Divide using synthetic division $$ ( 7x^{3}+31x^{2}-16x+4 ) \div ( x+5 ) $$
Answer
The synthetic division table is:
$$ \begin{array}{c|rrrr}-5&7&31&-16&4\\& & -35& 20& \color{black}{-20} \\ \hline &\color{blue}{7}&\color{blue}{-4}&\color{blue}{4}&\color{orangered}{-16} \end{array} $$The solution is:
$$ \frac{ 7x^{3}+31x^{2}-16x+4 }{ x+5 } = \color{blue}{7x^{2}-4x+4} \color{red}{~-~} \frac{ \color{red}{ 16 } }{ x+5 } $$Explanation
Step 1 : Write down the coefficients of the dividend into division table. Put the zero from $ x + 5 = 0 $ ( $ x = \color{blue}{ -5 } $ ) at the left.

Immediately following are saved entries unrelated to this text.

(* Let $A$ be a closed symmetric relation in $\mathfrak H$, let $\{\mathcal H,\Gamma_0,\Gamma_1\}$ be an AB-generalized boundary triple for $A^*$ with $A_0=\ker\Gamma_0$, Weyl function $M(\cdot)$ and $\gamma$-field $\gamma(\cdot)$. Let $A_\Theta$ be a linear relation with $A\subset A_\Theta\subset\operatorname{dom}\Gamma$ and put $\Theta=\Gamma(A_\Theta)=\{\{\Gamma_0\hat f,\Gamma_1\hat f\}:\hat f\in A_\Theta\}$. Then for every $\lambda\in\rho(A_0)$ $(A_\Theta-\lambda)^{-1}=(A_0-\lambda)^{-1}+\gamma(\lambda)(\Theta-M(\lambda))^{-1}\gamma(\bar\lambda)^*$, where all inverses, sums and products are understood in the sense of linear relations (in particular $A_\Theta$ need not be closed and $\lambda$ need not belong to $\rho(A_\Theta)$).
   Context: Linear relations: subspaces of product spaces; inverse $T^{-1}=\{\{g,f\}:\{f,g\}\in T\}$; sum $T_1+T_2=\{\{f,g+k\}:\{f,g\}\in T_1,\{f,k\}\in T_2\}$; product $ST=\{\{f,h\}:\exists g,\{f,g\}\in T,\{g,h\}\in S\}$. An AB-generalized boundary triple for $A^*$ is a single-valued linear operator $\Gamma=\{\Gamma_0,\Gamma_1\}:\mathfrak H^2\supset\operatorname{dom}\Gamma\to\mathcal H^2$ with $\operatorname{dom}\Gamma\subset A^*$ dense in $A^*$, satisfying Green's identity $(f',g)-(f,g')=(\Gamma_1\hat f,\Gamma_0\hat g)-(\Gamma_0\hat f,\Gamma_1\hat g)$ for $\hat f=\{f,f'\},\hat g=\{g,g'\}\in\operatorname{dom}\Gamma$, with $\operatorname{ran}\Gamma_0$ dense in $\mathcal H$ and $A_0=\ker\Gamma_0$ selfadjoint. Weyl function and $\gamma$-field: $M(\lambda)\Gamma_0\hat f_\lambda=\Gamma_1\hat f_\lambda$, $\gamma(\lambda)\Gamma_0\hat f_\lambda=f_\lambda$ for $\hat f_\lambda=\{f_\lambda,\lambda f_\lambda\}\in\operatorname{dom}\Gamma$; $\gamma(\bar\lambda)^*$ is the Hilbert space adjoint (a bounded everywhere defined operator $\mathfrak H\to\mathcal H$). *)

theory Defs
  imports "HOL-Analysis.Analysis"
begin

class complex_hilbert = banach +
  fixes scaleC :: "complex \<Rightarrow> 'a \<Rightarrow> 'a" (infixr "*\<^sub>C" 75)
    and cinner :: "'a \<Rightarrow> 'a \<Rightarrow> complex"
  assumes scaleC_add_right: "a *\<^sub>C (x + y) = a *\<^sub>C x + a *\<^sub>C y"
    and scaleC_add_left: "(a + b) *\<^sub>C x = a *\<^sub>C x + b *\<^sub>C x"
    and scaleC_scaleC: "a *\<^sub>C (b *\<^sub>C x) = (a * b) *\<^sub>C x"
    and scaleC_one: "1 *\<^sub>C x = x"
    and scaleR_scaleC: "scaleR r x = complex_of_real r *\<^sub>C x"
    and cinner_add_left: "cinner (x + y) z = cinner x z + cinner y z"
    and cinner_scaleC_left: "cinner (a *\<^sub>C x) y = a * cinner x y"
    and cinner_commute: "cinner x y = cnj (cinner y x)"
    and norm_cinner: "norm x = sqrt (Re (cinner x x))"

definition lin_rel :: "('a::complex_hilbert \<times> 'b::complex_hilbert) set \<Rightarrow> bool" where
  "lin_rel T \<longleftrightarrow> (0, 0) \<in> T
     \<and> (\<forall>f g f' g'. (f, g) \<in> T \<longrightarrow> (f', g') \<in> T \<longrightarrow> (f + f', g + g') \<in> T)
     \<and> (\<forall>c f g. (f, g) \<in> T \<longrightarrow> (c *\<^sub>C f, c *\<^sub>C g) \<in> T)"

definition rel_adj :: "('a::complex_hilbert \<times> 'b::complex_hilbert) set \<Rightarrow> ('b \<times> 'a) set" where
  "rel_adj T = {(f, f'). \<forall>g g'. (g, g') \<in> T \<longrightarrow> cinner f' g = cinner f g'}"

definition rel_inv :: "('a \<times> 'b) set \<Rightarrow> ('b \<times> 'a) set" where
  "rel_inv T = {(g, f). (f, g) \<in> T}"

definition lrel_sum :: "('a \<times> 'b::ab_group_add) set \<Rightarrow> ('a \<times> 'b) set \<Rightarrow> ('a \<times> 'b) set" where
  "lrel_sum T1 T2 = {(f, g + k) | f g k. (f, g) \<in> T1 \<and> (f, k) \<in> T2}"

definition rel_diff :: "('a \<times> 'b::ab_group_add) set \<Rightarrow> ('a \<times> 'b) set \<Rightarrow> ('a \<times> 'b) set" where
  "rel_diff T1 T2 = {(f, g - k) | f g k. (f, g) \<in> T1 \<and> (f, k) \<in> T2}"

definition rel_mult :: "('b \<times> 'c) set \<Rightarrow> ('a \<times> 'b) set \<Rightarrow> ('a \<times> 'c) set" where
  "rel_mult S T = {(f, h). \<exists>g. (f, g) \<in> T \<and> (g, h) \<in> S}"

definition rel_shift :: "('a::complex_hilbert \<times> 'a) set \<Rightarrow> complex \<Rightarrow> ('a \<times> 'a) set" where
  "rel_shift T z = {(f, g - z *\<^sub>C f) | f g. (f, g) \<in> T}"

definition symmetric_rel :: "('a::complex_hilbert \<times> 'a) set \<Rightarrow> bool" where
  "symmetric_rel A \<longleftrightarrow> A \<subseteq> rel_adj A"

definition selfadjoint_rel :: "('a::complex_hilbert \<times> 'a) set \<Rightarrow> bool" where
  "selfadjoint_rel A \<longleftrightarrow> A = rel_adj A"

definition resolvent_set :: "('a::complex_hilbert \<times> 'a) set \<Rightarrow> complex set" where
  "resolvent_set T = {z. \<exists>B. rel_inv (rel_shift T z) = {(x, B x) | x. True}
       \<and> bounded_linear B \<and> (\<forall>c x. B (c *\<^sub>C x) = c *\<^sub>C B x)}"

$$ \begin{array}{c|rrrr}\color{blue}{-5}&7&31&-16&4\\& & & & \\ \hline &&&& \end{array} $$Step 1 : Bring down the leading coefficient to the bottom row.
$$ \begin{array}{c|rrrr}-5&\color{orangered}{ 7 }&31&-16&4\\& & & & \\ \hline &\color{orangered}{7}&&& \end{array} $$Step 2 : Multiply by the number on the left, and carry the result into the next column: $ \color{blue}{ -5 } \cdot \color{blue}{ 7 } = \color{blue}{ -35 } $.
$$ \begin{array}{c|rrrr}\color{blue}{-5}&7&31&-16&4\\& & \color{blue}{-35} & & \\ \hline &\color{blue}{7}&&& \end{array} $$Step 3 : Add down last column: $ \color{orangered}{ 31 } + \color{orangered}{ \left( -35 \right) } = \color{orangered}{ -4 } $
$$ \begin{array}{c|rrrr}-5&7&\color{orangered}{ 31 }&-16&4\\& & \color{orangered}{-35} & & \\ \hline &7&\color{orangered}{-4}&& \end{array} $$Step 4 : Multiply by the number on the left, and carry the result into the next column: $ \color{blue}{ -5 } \cdot \color{blue}{ \left( -4 \right) } = \color{blue}{ 20 } $.
$$ \begin{array}{c|rrrr}\color{blue}{-5}&7&31&-16&4\\& & -35& \color{blue}{20} & \\ \hline &7&\color{blue}{-4}&& \end{array} $$Step 5 : Add down last column: $ \color{orangered}{ -16 } + \color{orangered}{ 20 } = \color{orangered}{ 4 } $
$$ \begin{array}{c|rrrr}-5&7&31&\color{orangered}{ -16 }&4\\& & -35& \color{orangered}{20} & \\ \hline &7&-4&\color{orangered}{4}& \end{array} $$Step 6 : Multiply by the number on the left, and carry the result into the next column: $ \color{blue}{ -5 } \cdot \color{blue}{ 4 } = \color{blue}{ -20 } $.
$$ \begin{array}{c|rrrr}\color{blue}{-5}&7&31&-16&4\\& & -35& 20& \color{blue}{-20} \\ \hline &7&-4&\color{blue}{4}& \end{array} $$Step 7 : Add down last column: $ \color{orangered}{ 4 } + \color{orangered}{ \left( -20 \right) } = \color{orangered}{ -16 } $
$$ \begin{array}{c|rrrr}-5&7&31&-16&\color{orangered}{ 4 }\\& & -35& 20& \color{orangered}{-20} \\ \hline &\color{blue}{7}&\color{blue}{-4}&\color{blue}{4}&\color{orangered}{-16} \end{array} $$Bottom line represents the quotient $ \color{blue}{ 7x^{2}-4x+4 } $ with a remainder of $ \color{red}{ -16 } $.